lemma Min_clusters: "Min ` clusters n par keep = roots"
proof
  show "Min ` clusters n par keep \<subseteq> roots" using Min_cluster by (auto simp: clusters_def)
next
  show "roots \<subseteq> Min ` clusters n par keep"
  proof
    fix r assume r: "r \<in> roots"
    then have "r \<in> {1..n}" using roots_subset by auto
    then have "Min (cluster n par keep r) = r" using Min_cluster label_roots_inj r by metis
    then show "r \<in> Min ` clusters n par keep"
      using \<open>r \<in> {1..n}\<close> by (force simp: clusters_def)
  qed
qed

lemma label_range:
  assumes "w \<in> {1..n}"
  shows "T w \<in> {1..card roots}"
proof -
  obtain r where r: "r \<in> roots" "T r = T w" using linked_root_below[OF assms] by auto
  have "card {x \<in> roots. x \<le> r} \<le> card roots" using finite_roots by (intro card_mono) auto
  moreover have "card {x \<in> roots. x \<le> r} \<noteq> 0" using r finite_roots by auto
  ultimately show ?thesis using r label_root by (metis atLeastAtMost_iff less_one not_le)
qed

lemma cluster_sizes_eq_card_label_set:
  "cluster_sizes n par keep i = card {w \<in> {1..n}. T w = i}"
proof -
  define ms where "ms = sorted_list_of_set roots"
  have len: "length ms = card roots" and set_ms: "set ms = roots"
    using finite_roots by (simp_all add: ms_def)
  show ?thesis
  proof (cases "1 \<le> i \<and> i \<le> length ms")
    case True
    define r where "r = ms ! (i - 1)"
    have i: "i - 1 < card roots" using True len by linarith
    then have r: "r \<in> roots" using nth_mem len set_ms by (auto simp: r_def)
    have "T r = i"
      using label_root[OF r] card_le_nth_sorted_list_of_set[OF finite_roots i] True
      by (simp add: r_def ms_def)
    have "cluster_sizes n par keep i = card (cluster n par keep r)"
      using True by (simp add: cluster_sizes_def Min_clusters ms_def[symmetric] r_def)
    also have "cluster n par keep r = {w \<in> {1..n}. T w = i}"
      using cluster_eq_label_set[of r] r roots_subset \<open>T r = i\<close> by auto
    finally show ?thesis .
  next
    case False
    then have "{w \<in> {1..n}. T w = i} = {}" using label_range len by fastforce
    moreover have "cluster_sizes n par keep i = 0"
      by (simp only: cluster_sizes_def Let_def Min_clusters ms_def[symmetric] if_not_P[OF False])
    ultimately show ?thesis by simp
  qed
qed

end

section \<open>Types in the Yule process\<close>

lemma yule_types_stable: "j \<le> Suc k \<Longrightarrow> k \<le> m \<Longrightarrow> yule_types \<omega> m j = yule_types \<omega> k j"
  by (induction m) (auto simp: le_Suc_eq)

lemma yule_types_cong:
  "(\<And>i. i < k \<Longrightarrow> snd (\<omega> i) = snd (\<omega>' i)) \<Longrightarrow> yule_types \<omega> k = yule_types \<omega>' k"
proof (induction k)
  case (Suc k)
  have IH: "yule_types \<omega> k = yule_types \<omega>' k" and last: "snd (\<omega> k) = snd (\<omega>' k)"
    using Suc by simp_all
  have mutants: "{i. i \<le> k \<and> \<not> snd (snd (\<omega> i))} = {i. i \<le> k \<and> \<not> snd (snd (\<omega>' i))}"
    using Suc.prems by (metis le_imp_less_Suc)
  show ?case by (simp only: yule_types.simps IH last mutants)
qed simp

lemma yule_type_cong:
  "(\<And>i. i < j - 1 \<Longrightarrow> snd (\<omega> i) = snd (\<omega>' i)) \<Longrightarrow> yule_type \<omega> j = yule_type \<omega>' j"
  unfolding yule_type_def by (metis yule_types_cong)

lemma yule_type_1: "yule_type \<omega> 1 = 1"
  by (simp add: yule_type_def)

lemma yule_type_step:
  assumes "2 \<le> j" and "fst (snd (\<omega> (j - 2))) < j"
  shows "yule_type \<omega> j = (if snd (snd (\<omega> (j - 2))) then yule_type \<omega> (fst (snd (\<omega> (j - 2))))
           else card {i. i \<le> j - 2 \<and> \<not> snd (snd (\<omega> i))} + 1)"
proof -
  obtain k where j: "j = k + 2" using assms(1) by (metis add.commute le_Suc_ex)
  have "yule_types \<omega> k (fst (snd (\<omega> k))) = yule_type \<omega> (fst (snd (\<omega> k)))"
    using assms(2) unfolding yule_type_def j by (intro yule_types_stable) auto
  then show ?thesis by (simp add: yule_type_def j)
qed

**Directions for this task:** Repeat, exactly and only, the lines from the beginning of the material through the line that contains "roots_subset by auto".

**Solved exercise:**
lemma Min_clusters: "Min ` clusters n par keep = roots"
proof
  show "Min ` clusters n par keep \<subseteq> roots" using Min_cluster by (auto simp: clusters_def)
next
  show "roots \<subseteq> Min ` clusters n par keep"
  proof
    fix r assume r: "r \<in> roots"
    then have "r \<in> {1..n}" using roots_subset by auto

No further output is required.